Записки Учителя Словесности э...нской Средней Школы Николая Герасимовича Наумова
Шрифт:
Петр Матвеевич, когда началась война добровольцем ушел на фронт вместе со своими друзьями-сокурсниками по ставропольскому пединституту и боевое крещение получил под Малгобеком, где был впервые тяжело ранен. Его война закончилась под Кенигсбергом. Вернувшийся с фронта, израненным настолько, что врачи остерегались давать даже самые осторожные прогнозы на будущее, он не только выжил, но и закончил пединститут, работал в школе, обзавёлся семьёй, воспитал вместе с Екатериной Лукьяновной двоих детей.
Мы провели с Петром Матвеевичем в беседах череду вечеров и именно от него я впервые узнал, что в период массового заселения и обживания ставропольских земель в 18-19 веках у большинства мужской части первых поселенцев, особенно молодых, здоровых хлопцев, основу которых составляли потомки казаков Запорожской Сечи, появилась важнейшая житейская проблема: выбор оседлого образа жизни предполагал необходимость обзаведения семьёй, а невест-то, практически, не хватало. Выход
Пётр Матвеевич был очень интересным собеседником, мне даже казалось, что он почему-то обязательно должен писать стихи.

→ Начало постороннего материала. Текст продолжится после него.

lemma rooted_tree_partition_bags:
  assumes "card (B1 r \<union> B2 r) \<le> w" "degree ET1 r + degree ET2 r \<le> D"
  shows "rooted_tree_partition V E w D r (VT1 \<union> VT2) (ET1 \<union> ET2) bags"
proof -
  have "width_le (VT1 \<union> VT2) bags w"
    using left right assms(1) unfolding rooted_tree_partition_def width_le_def bags_def by auto
  moreover have "degree (ET1 \<union> ET2) x \<le> D" if "x \<in> VT1 \<union> VT2" for x
  proof (cases "x = r")
    case True
    from degree_root assms(2) have "degree (ET1 \<union> ET2) r \<le> D"
      by (rule order_trans)
    with True show ?thesis
      by simp
  next
    case False
    have "x \<in> VT1 \<longleftrightarrow> x \<notin> VT2"
      using that False common_root by blast
    then show ?thesis
    proof (cases "x \<in> VT1")
      case True
      with \<open>x \<in> VT1 \<longleftrightarrow> x \<notin> VT2\<close> have 1: "x \<in> VT1" "x \<notin> VT2"
        by simp_all
      then have "degree (ET1 \<union> ET2) x = degree ET1 x"
        using rooted_tree_partition_tree(3)[OF right] by (intro degree_Un_untouched) blast
      then show ?thesis
        using left 1 unfolding rooted_tree_partition_def max_degree_le_def by simp
    next
      case False
      with \<open>x \<in> VT1 \<longleftrightarrow> x \<notin> VT2\<close> have 2: "x \<in> VT2" "x \<notin> VT1"
        by simp_all
      then have "degree (ET2 \<union> ET1) x = degree ET2 x"
        using rooted_tree_partition_tree(3)[OF left] by (intro degree_Un_untouched) blast
      then show ?thesis
        using right 2 unfolding rooted_tree_partition_def max_degree_le_def by (simp add: Un_commute)
    qed
  qed
  ultimately show ?thesis
    using leaf_tree_union T_partition_bags unfolding rooted_tree_partition_def max_degree_le_def by blast
qed

end
lemma simple_graph_complete_edges: "finite V \<Longrightarrow> simple_graph V (complete_edges V)"
  by (auto simp: simple_graph_def complete_edges_def)

lemma simple_graph_complete_edges_Diff: "finite V \<Longrightarrow> simple_graph V (complete_edges V - F)"
  by (auto simp: simple_graph_def complete_edges_def)

lemma finite_edges:
  assumes "simple_graph V E"
  shows "finite E"
proof (rule finite_subset)
  show "E \<subseteq> Pow V"
    using assms by (force simp: simple_graph_def)
  show "finite (Pow V)"
    using assms by (simp add: simple_graph_def)
qed

lemma finite_incident: "simple_graph V E \<Longrightarrow> finite (incident E v)"
  by (simp add: incident_def finite_edges)

lemma incident_empty [simp]: "incident {} v = {}"
  by (simp add: incident_def)

lemma incident_insert [simp]:
  "incident (insert e E) v = (if v \<in> e then insert e (incident E v) else incident E v)"
  by (auto simp: incident_def)

lemma int_matching_if_weighted_degree_le:
  assumes G: "simple_graph V E" and deg: "\<forall>v\<in>V. weighted_degree E h v \<le> k"
  shows "int_matching k V E h"
proof -
  have "h e \<le> k" if "e \<in> E" for e
  proof -
    obtain u v where "u \<in> V" "e = {u, v}"
      using G \<open>e \<in> E\<close> by (auto simp: simple_graph_def)
    then have "h e \<le> weighted_degree E h u"
      using \<open>e \<in> E\<close> by (intro member_le_sum finite_incident[OF G]) (auto simp: incident_def)
    with deg \<open>u \<in> V\<close> show ?thesis by force
  qed
  with deg show ?thesis by (simp add: int_matching_def)
qed
(* The On-CT-RSD mechanism is not universally friendship-truthful: there is an instance (with friendship graph of maximum degree $1$) and a realization of the mechanism's random choices under which some agent obtains strictly higher utility by declaring as her friend an agent who is not her friend than by reporting truthfully.
   Context: Instance: agents $N$, $n=|N|$ plots $\mathcal V$, undirected plot graph $(\mathcal V,\mathcal E)$, valuations $u_i:\mathcal V\to[0,1]\cap\mathbb Q$, reciprocal directed friendship relation $F$ with weights $\phi_{i,j}\ge0$. For an allocation (bijection) $A:N\to\mathcal V$, $U_i(A)=u_i(A(i))+\sum_{(i,j)\in F}\phi_{i,j}\mathbb I(\{A(i),A(j)\}\in\mathcal E)$. On-CT-RSD: repeatedly a uniformly random agent among those who have not yet picked is selected; she picks an available plot and may declare another not-yet-picked agent as her friend, in which case that agent picks an available plot next (without declaring a friend); this continues until all agents have plots; agents choose plots to maximize their utility. A randomized mechanism is universally friendship-truthful if, for every choice of its random bits (even if known to the agents), no agent can increase her utility by misreporting friendship information, regardless of what other agents report and which plots they pick. *)

theory Defs
  imports Complex_Main
begin

text \<open>An instance: agents N, plots V, plot graph edges E (2-element subsets of V),
  valuations u, friendship relation F (pairs (i,j)), weights phi.\<close>

definition valid_instance ::
  "'a set \<Rightarrow> 'v set \<Rightarrow> 'v set set \<Rightarrow> ('a \<Rightarrow> 'v \<Rightarrow> real) \<Rightarrow> ('a \<times> 'a) set
    \<Rightarrow> ('a \<Rightarrow> 'a \<Rightarrow> real) \<Rightarrow> bool" where
  "valid_instance N V E u F phi \<longleftrightarrow>
     finite N \<and> finite V \<and> card V = card N \<and>
     (\<forall>e\<in>E. e \<subseteq> V \<and> card e = 2) \<and>
     (\<forall>a\<in>N. \<forall>v\<in>V. u a v \<in> \<rat> \<and> 0 \<le> u a v \<and> u a v \<le> 1) \<and>
     F \<subseteq> N \<times> N \<and> (\<forall>a. (a, a) \<notin> F) \<and>
     (\<forall>a b. (a, b) \<in> F \<longrightarrow> (b, a) \<in> F) \<and>
     (\<forall>(a, b)\<in>F. 0 \<le> phi a b)"

definition max_degree_le_one :: "('a \<times> 'a) set \<Rightarrow> bool" where
  "max_degree_le_one F \<longleftrightarrow> (\<forall>a. card {b. (a, b) \<in> F} \<le> 1)"
(* Let $S$ be a finite semigroup such that $\equiv_{\mathsf{RM}}$ is the equality relation. If the action of $S$ on a partial $S$-set $\Omega$ is faithful, then so is the action of $S$ on its semisimplification $\Omega_{ss}$. Moreover, $|\Omega_{ss}|\le|\Omega|$.
   Context: Semigroups act on the right. A regular $\mathscr J$-class is one containing an idempotent. For a regular $\mathscr J$-class $J$: $s\equiv_{\mathsf{RM},J}t$ iff for all $x\in J$, $xs\in J\iff xt\in J$, and if both lie in $J$ then $xs=xt$; $\equiv_{\mathsf{RM}}=\bigcap_J\equiv_{\mathsf{RM},J}$ over regular $J$. A partial $S$-set is a finite set $\Omega$ with a right action by partial maps; faithful means distinct elements act as distinct partial maps. The strong orbit of $\alpha$ is $\mathscr O_\alpha=\{\beta\in\Omega\mid\alpha S^1=\beta S^1\}$; it is null if $\mathscr O_\alpha S\cap\mathscr O_\alpha=\emptyset$ and transitive otherwise. The semisimplification $\Omega_{ss}$ is the set $\{\alpha\in\Omega\mid\alpha\in\alpha S\}$ (the union of transitive strong orbits) with action $\alpha\circ s=\alpha s$ if $\alpha s$ is defined and lies in $\mathscr O_\alpha$, and undefined otherwise. *)

theory Defs
  imports Main
begin

(* A finite semigroup is modelled as a finite type of class semigroup_mult;
   the semigroup S is UNIV of that type. *)

definition ideal2 :: "'s::semigroup_mult \<Rightarrow> 's set" where
  "ideal2 s = {s} \<union> {x * s | x. True} \<union> {s * y | y. True} \<union> {x * s * y | x y. True}"

definition greenJ :: "'s::semigroup_mult \<Rightarrow> 's \<Rightarrow> bool" where
  "greenJ s t \<longleftrightarrow> ideal2 s = ideal2 t"

definition Jclass :: "'s::semigroup_mult \<Rightarrow> 's set" where
  "Jclass s = {t. greenJ s t}"

definition regular_Jclass :: "'s::semigroup_mult set \<Rightarrow> bool" where
  "regular_Jclass J \<longleftrightarrow> (\<exists>s. J = Jclass s) \<and> (\<exists>e\<in>J. e * e = e)"

definition rm_equiv_J :: "'s::semigroup_mult set \<Rightarrow> 's \<Rightarrow> 's \<Rightarrow> bool" where
  "rm_equiv_J J s t \<longleftrightarrow>
     (\<forall>x\<in>J. (x * s \<in> J \<longleftrightarrow> x * t \<in> J) \<and> (x * s \<in> J \<and> x * t \<in> J \<longrightarrow> x * s = x * t))"

definition rm_equiv :: "'s::semigroup_mult \<Rightarrow> 's \<Rightarrow> bool" where
  "rm_equiv s t \<longleftrightarrow> (\<forall>J. regular_Jclass J \<longrightarrow> rm_equiv_J J s t)"

(* Partial right action: act \<alpha> s = Some \<beta> means \<alpha>s = \<beta>, None means undefined. *)
definition partial_S_set :: "'o set \<Rightarrow> ('o \<Rightarrow> 's::semigroup_mult \<Rightarrow> 'o option) \<Rightarrow> bool" where
  "partial_S_set \<Omega> act \<longleftrightarrow> finite \<Omega> \<and>
     (\<forall>\<alpha>\<in>\<Omega>. \<forall>s \<beta>. act \<alpha> s = Some \<beta> \<longrightarrow> \<beta> \<in> \<Omega>) \<and>
     (\<forall>\<alpha>\<in>\<Omega>. \<forall>s t. act \<alpha> (s * t) = (case act \<alpha> s of None \<Rightarrow> None | Some \<beta> \<Rightarrow> act \<beta> t))"

definition faithful :: "'o set \<Rightarrow> ('o \<Rightarrow> 's \<Rightarrow> 'o option) \<Rightarrow> bool" where
  "faithful \<Omega> act \<longleftrightarrow> (\<forall>s t. (\<forall>\<alpha>\<in>\<Omega>. act \<alpha> s = act \<alpha> t) \<longrightarrow> s = t)"

definition orbit1 :: "('o \<Rightarrow> 's \<Rightarrow> 'o option) \<Rightarrow> 'o \<Rightarrow> 'o set" where
  "orbit1 act \<alpha> = {\<alpha>} \<union> {\<beta>. \<exists>s. act \<alpha> s = Some \<beta>}"

definition strong_orbit :: "'o set \<Rightarrow> ('o \<Rightarrow> 's \<Rightarrow> 'o option) \<Rightarrow> 'o \<Rightarrow> 'o set" where
  "strong_orbit \<Omega> act \<alpha> = {\<beta>\<in>\<Omega>. orbit1 act \<alpha> = orbit1 act \<beta>}"

definition ss_set :: "'o set \<Rightarrow> ('o \<Rightarrow> 's \<Rightarrow> 'o option) \<Rightarrow> 'o set" where
  "ss_set \<Omega> act = {\<alpha>\<in>\<Omega>. \<exists>s. act \<alpha> s = Some \<alpha>}"

definition ss_act :: "'o set \<Rightarrow> ('o \<Rightarrow> 's \<Rightarrow> 'o option) \<Rightarrow> 'o \<Rightarrow> 's \<Rightarrow> 'o option" where
  "ss_act \<Omega> act \<alpha> s = (case act \<alpha> s of None \<Rightarrow> None
      | Some \<beta> \<Rightarrow> if \<beta> \<in> strong_orbit \<Omega> act \<alpha> then Some \<beta> else None)"

end

theory Submission
  imports Defs
begin

(* Suppose s and t act alike on the semisimplification and x, xs lie in a common J-class J.
   By stability of finite semigroups x = xsu for some u.  For each point alpha with alpha x
   defined, alpha x and alpha xs then lie in one transitive strong orbit (u leads back), where
   s and t act alike; hence alpha xs = alpha xt and alpha xtu = alpha x.  Faithfulness gives
   xs = xt and x = xtu, so xt lies in J as well.  Thus s and t are RM-equivalent on every
   J-class (regular or not), and therefore equal. *)

lemma left_mult_funpow_commute:
  fixes a y c :: "'s::semigroup_mult"
  shows "((\<lambda>z. a * z) ^^ k) (y * c) = ((\<lambda>z. a * z) ^^ k) y * c"
  by (induction k) (simp_all add: mult.assoc)

lemma right_mult_funpow_Suc:
  fixes y c :: "'s::semigroup_mult"
  shows "\<exists>d. ((\<lambda>z. z * c) ^^ Suc n) y = y * d"
proof (induction n)
  case (Suc n)
  then obtain d where "((\<lambda>z. z * c) ^^ Suc n) y = y * d" ..
  then have "((\<lambda>z. z * c) ^^ Suc (Suc n)) y = y * (d * c)"
    by (simp add: mult.assoc)
  then show ?case ..
qed auto

(* x = a x c gives x = (a^k x) c^k for all k; two equal left translates a^i x = a^j x
   with i < j then give x = x c^(j-i). *)
lemma two_sided_fixpoint_right_periodic:
  fixes x a c :: "'s::{semigroup_mult, finite}"
  assumes "x = a * x * c"
  obtains n where "n > 0" and "((\<lambda>y. y * c) ^^ n) x = x"
proof -
  define L where "L k = ((\<lambda>y. a * y) ^^ k) x" for k
  let ?R = "(\<lambda>y. y * c)"
  have x_eq: "x = (?R ^^ k) (L k)" for k
  proof (induction k)
    case (Suc k)
    have "L k = ((\<lambda>y. a * y) ^^ k) (a * x * c)"
      unfolding L_def using assms by simp
    also have "\<dots> = L (Suc k) * c"
      by (simp add: L_def left_mult_funpow_commute funpow_swap1)
    finally show ?case
      using Suc by (simp add: funpow_Suc_right del: funpow.simps)
  qed (simp add: L_def)
  have "\<not> inj L"
    by (metis finite finite_imageD infinite_UNIV_nat)
  then obtain i j where "i < j" and "L i = L j"
    unfolding inj_def by (metis linorder_neqE_nat)
  show thesis
  proof
    show "j - i > 0"
      using \<open>i < j\<close> by simp
    have "(?R ^^ (j - i)) x = (?R ^^ (j - i)) ((?R ^^ i) (L j))"
      using x_eq [of i] \<open>L i = L j\<close> by simp
    also have "\<dots> = x"
      using x_eq [of j] \<open>i < j\<close> funpow_add [of "j - i" i ?R] by simp
    finally show "(?R ^^ (j - i)) x = x" .
  qed
qed

lemma two_sided_fixpoint_right_multiple:
  fixes x a c :: "'s::{semigroup_mult, finite}"
  assumes "x = a * x * c"
  shows "\<exists>d. x = x * c * d"
proof -
  let ?R = "(\<lambda>y. y * c)"
  obtain n where "n > 0" and "(?R ^^ n) x = x"
    using two_sided_fixpoint_right_periodic assms by blast
  have "x = (?R ^^ (n + n)) x"
    using \<open>(?R ^^ n) x = x\<close> by (simp only: funpow_add comp_apply)
  also have "n + n = Suc (Suc (n + n - 2))"
    using \<open>n > 0\<close> by simp
  also have "(?R ^^ Suc (Suc (n + n - 2))) x = (?R ^^ Suc (n + n - 2)) (x * c)"
    by (simp only: funpow_Suc_right comp_apply)
  also obtain d where "(?R ^^ Suc (n + n - 2)) (x * c) = x * c * d"
    using right_mult_funpow_Suc by blast
  finally show ?thesis ..
qed

lemma mem_ideal2_right_multiple:
  fixes x s :: "'s::{semigroup_mult, finite}"
  assumes "x \<in> ideal2 (x * s)"
  shows "\<exists>u. x = x * s * u"
proof -
  have multiple: "\<exists>d. x = x * c * d" if "x = x * c \<or> (\<exists>a. x = a * x * c)" for c
  proof (cases "x = x * c")
    case True
    then have "x = x * c * c"
      by (metis mult.assoc)
    then show ?thesis ..
  qed (use that two_sided_fixpoint_right_multiple in blast)
  have "(\<exists>a. x = x * s \<or> x = a * x * s) \<or> (\<exists>a b. x = x * (s * b) \<or> x = a * x * (s * b))"
    using assms unfolding ideal2_def by (auto simp: mult.assoc)
  then show ?thesis
  proof
    assume "\<exists>a. x = x * s \<or> x = a * x * s"
    then show ?thesis
      using multiple [of s] by blast
  next
    assume "\<exists>a b. x = x * (s * b) \<or> x = a * x * (s * b)"
    then obtain b d where "x = x * (s * b) * d"
      using multiple by blast
    then have "x = x * s * (b * d)"
      by (metis mult.assoc)
    then show ?thesis ..
  qed
qed

lemma partial_S_set_mult:
  assumes "partial_S_set \<Omega> act" and "\<alpha> \<in> \<Omega>"
  shows "act \<alpha> (s * t) = (case act \<alpha> s of None \<Rightarrow> None | Some \<beta> \<Rightarrow> act \<beta> t)"
  using assms unfolding partial_S_set_def by blast

lemma partial_S_set_closed:
  assumes "partial_S_set \<Omega> act" and "\<alpha> \<in> \<Omega>" and "act \<alpha> s = Some \<beta>"
  shows "\<beta> \<in> \<Omega>"
  using assms unfolding partial_S_set_def by blast

lemma orbit1_act_subset:
  assumes "partial_S_set \<Omega> act" and "\<alpha> \<in> \<Omega>" and "act \<alpha> s = Some \<beta>"
  shows "orbit1 act \<beta> \<subseteq> orbit1 act \<alpha>"
proof
  fix \<gamma> assume "\<gamma> \<in> orbit1 act \<beta>"
  then consider "\<gamma> = \<beta>" | t where "act \<beta> t = Some \<gamma>"
    unfolding orbit1_def by blast
  then show "\<gamma> \<in> orbit1 act \<alpha>"
  proof cases
    case (2 t)
    then have "act \<alpha> (s * t) = Some \<gamma>"
      using partial_S_set_mult [OF assms(1,2)] assms(3) by simp
    then show ?thesis
      unfolding orbit1_def by blast
  qed (use assms(3) in \<open>auto simp: orbit1_def\<close>)
qed

lemma in_strong_orbitI:
  assumes "partial_S_set \<Omega> act" and "\<alpha> \<in> \<Omega>"
    and "act \<alpha> s = Some \<beta>" and "act \<beta> u = Some \<alpha>"
  shows "\<beta> \<in> strong_orbit \<Omega> act \<alpha>"
proof -
  have "\<beta> \<in> \<Omega>"
    using partial_S_set_closed assms(1-3) .
  then have "orbit1 act \<alpha> = orbit1 act \<beta>"
    using orbit1_act_subset assms by (metis subset_antisym)
  then show ?thesis
    using \<open>\<beta> \<in> \<Omega>\<close> unfolding strong_orbit_def by blast
qed

lemma ss_act_Some_imp_act:
  "ss_act \<Omega> act \<alpha> s = Some \<beta> \<Longrightarrow> act \<alpha> s = Some \<beta>"
  unfolding ss_act_def by (auto split: option.splits if_splits)

lemma ss_act_cycle:
  assumes "partial_S_set \<Omega> act" and "\<alpha> \<in> \<Omega>"
    and "act \<alpha> s = Some \<beta>" and "act \<beta> u = Some \<alpha>"
  shows "\<alpha> \<in> ss_set \<Omega> act" and "ss_act \<Omega> act \<alpha> s = Some \<beta>"
proof -
  have "act \<alpha> (s * u) = Some \<alpha>"
    using partial_S_set_mult [OF assms(1,2)] assms(3,4) by simp
  then show "\<alpha> \<in> ss_set \<Omega> act"
    using assms(2) unfolding ss_set_def by blast
  show "ss_act \<Omega> act \<alpha> s = Some \<beta>"
    using in_strong_orbitI [OF assms] assms(3) unfolding ss_act_def by simp
qed

(* Since x = xsu, every defined point alpha x lies on the cycle alpha x -s-> alpha xs -u-> alpha x
   inside one strong orbit, where s and t act alike. *)
lemma ss_act_eq_right_multiple:
  assumes P: "partial_S_set \<Omega> act" and F: "faithful \<Omega> act"
    and st: "\<forall>\<alpha>\<in>ss_set \<Omega> act. ss_act \<Omega> act \<alpha> s = ss_act \<Omega> act \<alpha> t"
    and x: "x = x * s * u"
  shows "x * s = x * t" and "x = x * t * u"
proof -
  have "act \<alpha> (x * s) = act \<alpha> (x * t) \<and> act \<alpha> x = act \<alpha> (x * t * u)" if "\<alpha> \<in> \<Omega>" for \<alpha>
  proof (cases "act \<alpha> x")
    case None
    then show ?thesis
      using partial_S_set_mult [OF P that] by simp
  next
    case (Some \<delta>)
    have "\<delta> \<in> \<Omega>"
      using partial_S_set_closed [OF P that Some] .
    have "act \<alpha> x = act \<alpha> (x * (s * u))"
      using arg_cong [OF x, of "act \<alpha>"] by (simp only: mult.assoc)
    then have "act \<delta> (s * u) = Some \<delta>"
      using partial_S_set_mult [OF P that] Some by simp
    then obtain \<gamma> where \<gamma>: "act \<delta> s = Some \<gamma>" and "act \<gamma> u = Some \<delta>"
      using partial_S_set_mult [OF P \<open>\<delta> \<in> \<Omega>\<close>] by (auto split: option.splits)
    then have "act \<delta> t = Some \<gamma>"
      using ss_act_cycle [OF P \<open>\<delta> \<in> \<Omega>\<close>] st ss_act_Some_imp_act by metis
    then show ?thesis
      using partial_S_set_mult [OF P that] Some \<gamma> \<open>act \<gamma> u = Some \<delta>\<close> by simp
  qed
  then show "x * s = x * t" and "x = x * t * u"
    using F unfolding faithful_def by blast+
qed

lemma ideal2_self: "x \<in> ideal2 x"
  unfolding ideal2_def by blast

lemma ideal2_subset_of_mem:
  assumes "y \<in> ideal2 z"
  shows "ideal2 y \<subseteq> ideal2 z"
  using assms unfolding ideal2_def by (auto simp: mult.assoc) (metis mult.assoc)+

lemma ss_act_eq_greenJ:
  fixes act :: "'o \<Rightarrow> 's::{semigroup_mult, finite} \<Rightarrow> 'o option"
  assumes "partial_S_set \<Omega> act" and "faithful \<Omega> act"
    and "\<forall>\<alpha>\<in>ss_set \<Omega> act. ss_act \<Omega> act \<alpha> s = ss_act \<Omega> act \<alpha> t"
    and "greenJ x (x * s)"
  shows "greenJ x (x * t)" and "x * s = x * t"
proof -
  have "x \<in> ideal2 (x * s)"
    using ideal2_self [of x] assms(4) unfolding greenJ_def by simp
  then obtain u where "x = x * s * u"
    using mem_ideal2_right_multiple by blast
  note ss_act_eq_right_multiple [OF assms(1-3) this]
  then have "x \<in> ideal2 (x * t)" and "x * t \<in> ideal2 x"
    unfolding ideal2_def by blast+
  then show "greenJ x (x * t)"
    unfolding greenJ_def using ideal2_subset_of_mem by blast
  show "x * s = x * t" by fact
qed

lemma ss_act_eq_imp_rm_equiv:
  fixes act :: "'o \<Rightarrow> 's::{semigroup_mult, finite} \<Rightarrow> 'o option"
  assumes "partial_S_set \<Omega> act" and "faithful \<Omega> act"
    and "\<forall>\<alpha>\<in>ss_set \<Omega> act. ss_act \<Omega> act \<alpha> s = ss_act \<Omega> act \<alpha> t"
  shows "rm_equiv s t"
proof -
  have right_mult_Jclass: "x * t' \<in> Jclass j \<and> x * s' = x * t'"
    if "\<forall>\<alpha>\<in>ss_set \<Omega> act. ss_act \<Omega> act \<alpha> s' = ss_act \<Omega> act \<alpha> t'"
      and "x \<in> Jclass j" and "x * s' \<in> Jclass j" for j x s' t'
  proof -
    have "greenJ x (x * s')"
      using that(2,3) unfolding Jclass_def greenJ_def by simp
    then show ?thesis
      using ss_act_eq_greenJ [OF assms(1,2) that(1)] that(2)
      unfolding Jclass_def greenJ_def by simp
  qed
  have "rm_equiv_J (Jclass j) s t" for j
    unfolding rm_equiv_J_def
    using right_mult_Jclass [OF assms(3)] right_mult_Jclass [of t s] assms(3) by metis
  then show ?thesis
    unfolding rm_equiv_def regular_Jclass_def by blast
qed

theorem proposition2p2:
  fixes \<Omega> :: "'o set" and act :: "'o \<Rightarrow> 's::{semigroup_mult, finite} \<Rightarrow> 'o option"
  assumes "\<forall>s t::'s. rm_equiv s t \<longrightarrow> s = t"
    and "partial_S_set \<Omega> act"
    and "faithful \<Omega> act"
  shows "faithful (ss_set \<Omega> act) (ss_act \<Omega> act) \<and> card (ss_set \<Omega> act) \<le> card \<Omega>"
proof
  show "faithful (ss_set \<Omega> act) (ss_act \<Omega> act)"
    unfolding faithful_def using ss_act_eq_imp_rm_equiv assms by blast
  have "finite \<Omega>"
    using assms(2) unfolding partial_S_set_def by blast
  moreover have "ss_set \<Omega> act \<subseteq> \<Omega>"
    unfolding ss_set_def by blast
  ultimately show "card (ss_set \<Omega> act) \<le> card \<Omega>"
    by (rule card_mono)
qed

end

Практика моя закончилась, я защитился и по распределению попал в э...Нск, но отношения наши не прервались. Мы переписывались, по мере возможности я приезжал к Петру Марковичу и Екатерине Лукьяновне в гости и вот в один из таких приездов, а случилось это незадолго перед войной в Чечне, он подошёл к книжной полке, достал оттуда общую тетрадь в синей обложке и начал читать:
Сидим. Молчим. Пробило семь.
По комнате лишь сумрак бродит.
Уходит женщина совсем.
Я не держу, пускай уходит.
Как медленно она встаёт,
Как медленно шагает к двери...
Мне поначалу подумалось, что я, наконец-то, дождался. У меня даже перехватило дыхание от предчувствия. Но оказалось, я ошибался.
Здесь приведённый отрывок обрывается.